Dr. Stephen Jones is a Sydney-based video artist of long standing and now a curator working on the history of art and technology in Australia. His recent book on the first generation of the electronic arts in Australia Synthetics: Aspects of Art & Technology in Australia, 1956 – 1975 is published by MIT Press. Stephen originally trained in Systems Theory at the Australian National University (ANU) and his work uses the systems approach as its basis. He is an experienced electronic engineer having developed equipment ranging from analogue video synthesizers to DVD synchronizers, and builds interactive installation devices for artists. Stephen worked with pioneer organisations such as Bush Video (1974-5), the Paddington Video Access Centre (1976-978), as well as providing technical support for many major exhibitions. From 1983 to 1992 he was the video-maker for the electronic music band ‘Severed Heads’
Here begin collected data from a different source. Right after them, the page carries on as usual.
text \<open>
  Let \<open>2p = m(n - 1)\<close>. The associated Hankel matrix is the Gram matrix of the Riesz functional
  \<open>L f = \<Sum>\<^sub>i f\<^sub>i h\<^sub>i\<close> on polynomials of degree \<open>\<le> p\<close>, so the tensor is strong iff \<open>L (w\<^sup>2) \<ge> 0\<close>
  for \<open>degree w \<le> p\<close>. Every entry of the tensor is some \<open>h\<^sub>t\<close> and every \<open>t \<le> 2p\<close> occurs, so a
  decomposition of the tensor is the same as one of the moments \<open>h\<^sub>t = \<Sum>\<^sub>k \<alpha>\<^sub>k \<xi>\<^sub>k\<^sup>t (+ \<alpha>\<^sub>r [t = 2p])\<close>.

  If the matrix is singular, let \<open>q\<close> be a monic kernel polynomial of least degree. By Cauchy-Schwarz
  the kernel is stable under multiplication by \<open>X\<close> as far as degrees allow, which rules out a
  factor \<open>(X - a)\<^sup>2 + b\<^sup>2\<close> of \<open>q\<close>: so \<open>q\<close> has \<open>degree q\<close> distinct real roots. Lagrange interpolation
  at these roots is then a Gauss quadrature rule for \<open>L\<close>, exact below degree \<open>2p\<close>, with positive
  weights; the defect at \<open>h\<^sub>2\<^sub>p\<close> is nonnegative and becomes the coefficient of \<open>e\<^sub>n\<^sup>\<circ>\<^sup>m\<close>. A positive
  definite matrix is first bordered by one more moment so that it acquires a kernel. The rank is the
  number of nodes, plus one if the defect is nonzero. Conversely, any such decomposition with
  positive weights writes \<open>L (w\<^sup>2)\<close> as a nonnegative combination of squares.
\<close>

section \<open>Real polynomials whose roots are real and simple\<close>

lemma map_poly_of_real_add:
  "map_poly (of_real :: real \<Rightarrow> 'a::{real_algebra_1,comm_ring_1}) (p + q) = map_poly of_real p + map_poly of_real q"
  by (intro poly_eqI) (simp add: coeff_map_poly)

lemma map_poly_of_real_mult:
  "map_poly (of_real :: real \<Rightarrow> 'a::{real_algebra_1,comm_ring_1}) (p * q) = map_poly of_real p * map_poly of_real q"
  by (intro poly_eqI) (simp add: coeff_map_poly coeff_mult)

lemma poly_map_poly_of_real:
  "poly (map_poly (of_real :: real \<Rightarrow> 'a::{real_algebra_1,comm_ring_1}) p) (of_real x) = of_real (poly p x)"
  by (induction p) (simp_all add: map_poly_pCons)

lemma real_quadratic_dvd_of_complex_root:
  fixes q :: "real poly"
  assumes "Im z \<noteq> 0" and "poly (map_poly complex_of_real q) z = 0"
  shows "[:Re z * Re z + Im z * Im z, -2 * Re z, 1:] dvd q"
proof -
  define Q where "Q = [:Re z * Re z + Im z * Im z, -2 * Re z, 1:]"
  define \<rho> where "\<rho> = q mod Q"
  have Q_root: "poly (map_poly complex_of_real Q) z = 0"
    by (simp add: Q_def map_poly_pCons complex_eq_iff algebra_simps)
  have "q = (q div Q) * Q + \<rho>"
    unfolding \<rho>_def by simp
  then have \<rho>_root: "poly (map_poly complex_of_real \<rho>) z = 0"
    using assms(2) Q_root
    by (metis add_0 map_poly_of_real_add map_poly_of_real_mult mult_zero_right poly_add poly_mult)
  have "degree \<rho> < 2"
    using degree_mod_less[of Q q] by (auto simp: Q_def \<rho>_def)
  then have \<rho>_lin: "\<rho> = [:coeff \<rho> 0, coeff \<rho> 1:]"
    by (intro poly_eqI) (auto simp: coeff_pCons coeff_eq_0 split: nat.splits)
  have "of_real (coeff \<rho> 0) + z * of_real (coeff \<rho> 1) = 0"
    using \<rho>_root by (subst (asm) \<rho>_lin) (simp add: map_poly_pCons)
  then have "coeff \<rho> 1 = 0" "coeff \<rho> 0 = 0"
    using assms(1) by (auto simp: complex_eq_iff)
  then have "\<rho> = 0"
    using \<rho>_lin by simp
  then show ?thesis
    unfolding Q_def \<rho>_def by (simp add: mod_eq_0_iff_dvd)
qed

lemma real_root_if_no_quadratic_dvd:
  fixes q :: "real poly"
  assumes "\<And>a b. \<not> [:a * a + b * b, -2 * a, 1:] dvd q" "degree q > 0"
  obtains a where "poly q a = 0"
proof -
  have "\<not> constant (poly (map_poly complex_of_real q))"
    using assms(2) by (subst constant_degree) (simp add: degree_map_poly)
  then obtain z where z: "poly (map_poly complex_of_real q) z = 0"
    using fundamental_theorem_of_algebra by blast
  have "Im z = 0"
    using real_quadratic_dvd_of_complex_root[OF _ z] assms(1) by blast
  then have "z = of_real (Re z)"
    by (simp add: complex_eq_iff)
  then have "poly q (Re z) = 0"
    using z poly_map_poly_of_real[where 'a = complex, of q "Re z"] by simp
  then show ?thesis
    by (rule that)
qed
(1)  Stephen Jones, Synthetics: Aspects of Art and Technology in Australia, 1956-1975. Cambridge, Massachusetts: MIT Press, (2011).

(2)  Donella H. Meadows, Dennis L. Meadows, Jorgen Randers and William W. Behrens III (eds), The Limits To Growth: A Report for The Club Of Rome’s project on the predicament of mankind. London: Earth Island, A Potomac Associates Book, (1972).

(3)   Stephen Jones, “Philippa Cullen: Dancing the Music”, Leonardo Music Journal, vol.14, (2004), 64-73.

(4)   Annemarie Jonson, “Jon McCormack: Booting Fantasia,” Art & Text, no.56, 27-29.

(5)   Paul Brown, Charlie Gear, Nicholas Lambert and Catherine Mason (eds), White Heat, Cold Logic. Cambridge, Massachusetts: MIT Press, (2008), chapters 8 & 9.

(6)  G. Spencer Brown, Laws of Form. London: George Allen and Unwin, (1969), 1.

(7)   C. Shannon and W. Weaver, The Mathematical Theory of Communication. Urbana, Illinois: University of Illinois Press (1949).

(8)  Donald M. MacKay, Information, Mechanism and Meaning. Cambridge, Mass.: The M.I.T. Press (1969).

(9)   Mitchell Whitelaw, “Art Against Information”, this volume.

(10)   D.V. Rogers, “Interpretations of Data from the Seismic Field,” this volume.

(11) Pierre Proske, “Data, Art and Sustainability”, this volume.